Review: The Illearth War

Sometime later, Covenant climbed to his feet, hugging the pain in his chest. His voice was weak from the effort of speaking around his hurt. “Bannor.”


“Tell the High Lord about this. Tell her everything–about Trell and me–and Troy.”


“And, Bannor–”

The Bloodguard waited impassively.

“I wouldn’t do it again–attack a girl like that. I would take it back if I could.” He said it as if it were a promise that he owed Bannor for saving his life.

But Bannor gave no sign that he understood or cared what the Unbeliever was saying.

After a while, Covenant went on, “Bannor, you’re practically the only person around here who hasn’t at least tried to forgive me for anything.”

“The Bloodguard do not forgive.”

“I know. I remember. I should count my blessings.” With his arms wrapped around his chest to hold the pieces of himself together, he went back to his rooms.

Rating: ★★★★★

When I first read these books as a kid, The Illearth War was my least favorite. Middle books of trilogies are rarely the strongest anyway, since you don’t get the excitement of meeting a bunch of new characters or the climax of the ending. I didn’t like the fact that the main character from the entire first book disappeared for half of this one; and I didn’t like Hile Troy in the position of protagonist. Most of the interplay between Covenant and Elena went over my head at that age (probably a good thing). Foamfollower, one of the best characters of the first book, is missing in this one. All in all, I found it a disappointment.

Reading it now, I like it much more and find it just as strong as the others. Hile Troy is the perfect contrast to Covenant: a man who was also whisked away from our world to the Land, but who embraces everything about it and wants to be a hero. He has none of Covenant’s fear of power, and dismisses Covenant’s prediction that he’s setting himself up for a fall. If you spent the first book wishing Covenant would stop crying about stuff and start blasting bad guys with his ring—well, Hile Troy is your guy.

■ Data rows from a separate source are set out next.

lemma exists_level_l1_tree_dist_ge:
  assumes z: "z \<in> Z" and z': "z' \<in> Z"
  obtains k where "k \<le> j" "k \<le> j'" "k = 0 \<or> dist z z' \<le> (2 * lam + 2) * r ^ k"
    "real j + real j' - 2 * real k - 2 \<le> l1_tree_dist (z, j) (z', j')"
proof (cases "min j j' = 0 \<or> dist z z' \<le> (2 * lam + 2) * r ^ min j j'")
  case True
  moreover have "real j + real j' - 2 * real (min j j') - 2 \<le> l1_tree_dist (z, j) (z', j')"
    using level_gap_le_l1_tree_dist[OF z z', of j j'] by (cases "j \<le> j'") auto
  ultimately show ?thesis
    using that[of "min j j'"] by auto
next
  case False
  then have "(2 * lam + 2) * r ^ ((min j j' - 1) + 1) < dist z z'"
    by simp
  then obtain K where "K \<le> min j j' - 1"
    and below: "\<And>i. i < K \<Longrightarrow> \<not> (2 * lam + 2) * r ^ (i + 1) < dist z z'"
    and far: "(2 * lam + 2) * r ^ (K + 1) < dist z z'"
    using ex_least_nat_le[where P = "\<lambda>k. (2 * lam + 2) * r ^ (k + 1) < dist z z'"] by blast
  have "K = 0 \<or> dist z z' \<le> (2 * lam + 2) * r ^ K"
    using below[of "K - 1"] by (cases K) auto
  moreover have "K < j" "K < j'"
    using \<open>K \<le> min j j' - 1\<close> False by auto
  moreover have "real j + real j' - 2 * real K - 2 \<le> l1_tree_dist (z, j) (z', j')"
    using far_levels_le_l1_tree_dist[OF z z' \<open>K < j\<close> \<open>K < j'\<close> far] \<open>K < j\<close> \<open>K < j'\<close>
    by (simp add: of_nat_diff)
  ultimately show ?thesis
    using that[of K] by simp
qed

lemma l1_tree_dist_le_prod_tree_dist:
  "l1_tree_dist x x' \<le> sqrt (real (card A)) * prod_tree_dist Z A Uc sel x x'"
proof -
  have "0 \<le> tree_dist Z Uc a v w" for a v w
    unfolding tree_dist_def by simp
  then show ?thesis
    using L2_set_mult_ineq[of "\<lambda>a. tree_dist Z Uc a (fmap Z sel a x) (fmap Z sel a x')" "\<lambda>_. 1" A]
    unfolding l1_tree_dist_def prod_tree_dist_def L2_set_constant
    by (simp add: L2_set_def mult.commute)
qed

lemma cone_dist_le_prod_tree_dist:
  assumes "0 < diameter Z" and z: "z \<in> Z" and z': "z' \<in> Z"
  defines "R \<equiv> ln (1 / r)" and "B \<equiv> max pi (pi / diameter Z * (2 * lam + 2))"
  shows "cone_dist (pi / diameter Z) z (real j * R) z' (real j' * R)
    \<le> sqrt (real (card A)) * R * prod_tree_dist Z A Uc sel (z, j) (z', j')
      + (2 * R + 2 * ln B + ln 3)"
proof -
  obtain k where k: "k \<le> j" "k \<le> j'" "k = 0 \<or> dist z z' \<le> (2 * lam + 2) * r ^ k"
    and l1: "real j + real j' - 2 * real k - 2 \<le> l1_tree_dist (z, j) (z', j')"
    by (rule exists_level_l1_tree_dist_ge[OF z z'])
  have "0 < R"
    unfolding R_def using r_pos r_less_1 by simp
  have "1 \<le> B"
    unfolding B_def using pi_gt3 by linarith
  have angle: "\<bar>pi / diameter Z * dist z z'\<bar> \<le> B * r ^ k"
  proof (cases "k = 0")
    case True
    have "dist z z' \<le> diameter Z"
      using bounded_Z z z' by (rule diameter_bounded_bound)
    then have "pi / diameter Z * dist z z' \<le> pi / diameter Z * diameter Z"
      using \<open>0 < diameter Z\<close> by (intro mult_left_mono) simp_all
    then show ?thesis
      using True \<open>0 < diameter Z\<close> unfolding B_def by simp
  next
    case False
    then have "pi / diameter Z * dist z z' \<le> pi / diameter Z * (2 * lam + 2) * r ^ k"
      using k(3) \<open>0 < diameter Z\<close> mult_left_mono[of _ _ "pi / diameter Z"] by (simp add: mult.assoc)
    also have "\<dots> \<le> B * r ^ k"
      unfolding B_def using r_pos by (intro mult_right_mono) auto
    finally show ?thesis
      using \<open>0 < diameter Z\<close> by simp
  qed
  have "cone_dist (pi / diameter Z) z (real j * R) z' (real j' * R)
      \<le> (real j + real j' - 2 * real k) * R + 2 * ln B + ln 3"
    unfolding R_def using r_pos r_less_1 \<open>1 \<le> B\<close> k(1,2) angle by (rule cone_dist_le_levels)
  also have "\<dots> \<le> (l1_tree_dist (z, j) (z', j') + 2) * R + 2 * ln B + ln 3"
    using l1 \<open>0 < R\<close> by (simp add: mult_right_mono)
  also have "\<dots> \<le> sqrt (real (card A)) * R * prod_tree_dist Z A Uc sel (z, j) (z', j')
      + (2 * R + 2 * ln B + ln 3)"
    using mult_right_mono[OF l1_tree_dist_le_prod_tree_dist \<open>0 < R\<close>[THEN less_imp_le]]
    by (simp add: algebra_simps)
  finally show ?thesis .
qed

end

Bannor really starts to comes to life as a character here, as he’s forced to take a more active role between Covenant and the Land. The scene I quoted above sums up Bannor and the Bloodguard: they’re completely devoted to their honor and the Vow they made to the Land, and the power of that Vow has given them a nearly unstoppable ability to keep it. But if it is ever broken, how will they handle that?

Mhoram starts to shine here too, especially when Troy puts the survival of the army on his shoulders. A main theme of these first three books is the balance between passion and control—Covenant’s wild magic and Elena’s desperation versus the stoicism of the Bloodguard and the Lords’ Oath of Peace. That develops further in the next book, but Mhoram starts to see the possibilities here.

There is also more action in this book than the first one, with two armies on the move and other things going on elsewhere. That partly reflects Hile Troy’s influence, as he’s very much a man of action who makes Covenant look like a man of sitting around and fretting. By the end of the book, I like Troy a lot. He may not always do the smartest thing, and definitely not the safest thing, but he always has the right intentions.